- _WHAT IS EXPECTED_: Transcribe all of the listing below in full.

- _RECORDS PROVIDED_:

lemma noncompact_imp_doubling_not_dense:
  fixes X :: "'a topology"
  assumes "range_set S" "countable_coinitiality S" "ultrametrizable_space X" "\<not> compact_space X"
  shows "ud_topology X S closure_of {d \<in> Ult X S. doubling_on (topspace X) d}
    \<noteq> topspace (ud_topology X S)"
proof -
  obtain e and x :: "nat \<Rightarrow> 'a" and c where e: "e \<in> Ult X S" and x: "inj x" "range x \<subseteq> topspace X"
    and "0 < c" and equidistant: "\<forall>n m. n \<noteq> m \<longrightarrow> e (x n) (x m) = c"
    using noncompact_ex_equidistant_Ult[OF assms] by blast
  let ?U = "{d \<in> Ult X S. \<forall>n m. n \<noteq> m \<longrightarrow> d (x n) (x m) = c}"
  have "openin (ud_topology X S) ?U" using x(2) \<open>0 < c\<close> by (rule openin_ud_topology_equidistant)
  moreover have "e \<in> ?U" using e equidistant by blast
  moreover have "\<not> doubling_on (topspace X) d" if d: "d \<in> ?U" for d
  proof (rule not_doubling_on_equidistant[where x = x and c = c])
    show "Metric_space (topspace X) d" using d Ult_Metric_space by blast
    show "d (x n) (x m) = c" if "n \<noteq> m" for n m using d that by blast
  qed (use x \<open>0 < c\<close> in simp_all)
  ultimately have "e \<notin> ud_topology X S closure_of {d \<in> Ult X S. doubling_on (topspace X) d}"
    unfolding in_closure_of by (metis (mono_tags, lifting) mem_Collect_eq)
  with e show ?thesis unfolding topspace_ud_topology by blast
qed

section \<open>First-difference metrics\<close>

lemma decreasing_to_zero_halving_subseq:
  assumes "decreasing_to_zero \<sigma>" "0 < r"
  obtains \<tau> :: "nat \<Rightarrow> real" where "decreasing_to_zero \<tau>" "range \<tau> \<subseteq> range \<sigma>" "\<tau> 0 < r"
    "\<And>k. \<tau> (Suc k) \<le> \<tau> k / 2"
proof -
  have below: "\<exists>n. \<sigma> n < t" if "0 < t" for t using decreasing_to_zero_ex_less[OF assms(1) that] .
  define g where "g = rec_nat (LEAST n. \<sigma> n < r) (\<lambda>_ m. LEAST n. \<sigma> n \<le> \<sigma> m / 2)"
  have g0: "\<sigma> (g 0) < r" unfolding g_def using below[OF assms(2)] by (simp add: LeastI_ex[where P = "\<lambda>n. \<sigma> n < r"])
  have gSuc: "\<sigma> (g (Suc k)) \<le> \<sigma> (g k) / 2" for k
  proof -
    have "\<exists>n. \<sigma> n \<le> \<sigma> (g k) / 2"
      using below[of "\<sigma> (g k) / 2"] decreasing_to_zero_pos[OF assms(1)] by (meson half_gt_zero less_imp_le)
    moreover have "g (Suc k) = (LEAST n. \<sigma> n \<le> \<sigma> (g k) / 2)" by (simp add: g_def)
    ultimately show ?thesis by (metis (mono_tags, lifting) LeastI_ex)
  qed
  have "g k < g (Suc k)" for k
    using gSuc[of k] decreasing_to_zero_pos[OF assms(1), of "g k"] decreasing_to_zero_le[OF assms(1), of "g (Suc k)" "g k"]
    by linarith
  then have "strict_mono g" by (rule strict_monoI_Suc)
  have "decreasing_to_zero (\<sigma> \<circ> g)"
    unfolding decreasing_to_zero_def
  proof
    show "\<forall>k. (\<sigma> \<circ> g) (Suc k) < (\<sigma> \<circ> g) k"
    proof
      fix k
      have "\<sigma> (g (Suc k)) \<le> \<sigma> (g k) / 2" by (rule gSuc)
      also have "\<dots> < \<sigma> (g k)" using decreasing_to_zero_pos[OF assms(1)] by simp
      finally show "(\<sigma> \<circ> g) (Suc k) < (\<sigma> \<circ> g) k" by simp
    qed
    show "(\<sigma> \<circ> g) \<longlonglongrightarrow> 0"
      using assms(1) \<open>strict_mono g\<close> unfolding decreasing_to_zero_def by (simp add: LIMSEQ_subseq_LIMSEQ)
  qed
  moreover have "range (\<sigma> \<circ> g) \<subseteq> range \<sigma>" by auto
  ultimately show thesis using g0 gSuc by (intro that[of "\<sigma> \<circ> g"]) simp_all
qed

- _YOUR RESPONSE_:
lemma noncompact_imp_doubling_not_dense:
  fixes X :: "'a topology"
  assumes "range_set S" "countable_coinitiality S" "ultrametrizable_space X" "\<not> compact_space X"
  shows "ud_topology X S closure_of {d \<in> Ult X S. doubling_on (topspace X) d}
    \<noteq> topspace (ud_topology X S)"
proof -
  obtain e and x :: "nat \<Rightarrow> 'a" and c where e: "e \<in> Ult X S" and x: "inj x" "range x \<subseteq> topspace X"
    and "0 < c" and equidistant: "\<forall>n m. n \<noteq> m \<longrightarrow> e (x n) (x m) = c"
    using noncompact_ex_equidistant_Ult[OF assms] by blast
  let ?U = "{d \<in> Ult X S. \<forall>n m. n \<noteq> m \<longrightarrow> d (x n) (x m) = c}"
  have "openin (ud_topology X S) ?U" using x(2) \<open>0 < c\<close> by (rule openin_ud_topology_equidistant)
  moreover have "e \<in> ?U" using e equidistant by blast
  moreover have "\<not> doubling_on (topspace X) d" if d: "d \<in> ?U" for d
  proof (rule not_doubling_on_equidistant[where x = x and c = c])
    show "Metric_space (topspace X) d" using d Ult_Metric_space by blast
    show "d (x n) (x m) = c" if "n \<noteq> m" for n m using d that by blast
  qed (use x \<open>0 < c\<close> in simp_all)
  ultimately have "e \<notin> ud_topology X S closure_of {d \<in> Ult X S. doubling_on (topspace X) d}"
    unfolding in_closure_of by (metis (mono_tags, lifting) mem_Collect_eq)
  with e show ?thesis unfolding topspace_ud_topology by blast
qed

section \<open>First-difference metrics\<close>

lemma decreasing_to_zero_halving_subseq:
  assumes "decreasing_to_zero \<sigma>" "0 < r"
  obtains \<tau> :: "nat \<Rightarrow> real" where "decreasing_to_zero \<tau>" "range \<tau> \<subseteq> range \<sigma>" "\<tau> 0 < r"
    "\<And>k. \<tau> (Suc k) \<le> \<tau> k / 2"
proof -
  have below: "\<exists>n. \<sigma> n < t" if "0 < t" for t using decreasing_to_zero_ex_less[OF assms(1) that] .
  define g where "g = rec_nat (LEAST n. \<sigma> n < r) (\<lambda>_ m. LEAST n. \<sigma> n \<le> \<sigma> m / 2)"
  have g0: "\<sigma> (g 0) < r" unfolding g_def using below[OF assms(2)] by (simp add: LeastI_ex[where P = "\<lambda>n. \<sigma> n < r"])
  have gSuc: "\<sigma> (g (Suc k)) \<le> \<sigma> (g k) / 2" for k
  proof -
    have "\<exists>n. \<sigma> n \<le> \<sigma> (g k) / 2"
      using below[of "\<sigma> (g k) / 2"] decreasing_to_zero_pos[OF assms(1)] by (meson half_gt_zero less_imp_le)
    moreover have "g (Suc k) = (LEAST n. \<sigma> n \<le> \<sigma> (g k) / 2)" by (simp add: g_def)
    ultimately show ?thesis by (metis (mono_tags, lifting) LeastI_ex)
  qed
  have "g k < g (Suc k)" for k
    using gSuc[of k] decreasing_to_zero_pos[OF assms(1), of "g k"] decreasing_to_zero_le[OF assms(1), of "g (Suc k)" "g k"]
    by linarith
  then have "strict_mono g" by (rule strict_monoI_Suc)
  have "decreasing_to_zero (\<sigma> \<circ> g)"
    unfolding decreasing_to_zero_def
  proof
    show "\<forall>k. (\<sigma> \<circ> g) (Suc k) < (\<sigma> \<circ> g) k"
    proof
      fix k
      have "\<sigma> (g (Suc k)) \<le> \<sigma> (g k) / 2" by (rule gSuc)
      also have "\<dots> < \<sigma> (g k)" using decreasing_to_zero_pos[OF assms(1)] by simp
      finally show "(\<sigma> \<circ> g) (Suc k) < (\<sigma> \<circ> g) k" by simp
    qed
    show "(\<sigma> \<circ> g) \<longlonglongrightarrow> 0"
      using assms(1) \<open>strict_mono g\<close> unfolding decreasing_to_zero_def by (simp add: LIMSEQ_subseq_LIMSEQ)
  qed
  moreover have "range (\<sigma> \<circ> g) \<subseteq> range \<sigma>" by auto
  ultimately show thesis using g0 gSuc by (intro that[of "\<sigma> \<circ> g"]) simp_all
qed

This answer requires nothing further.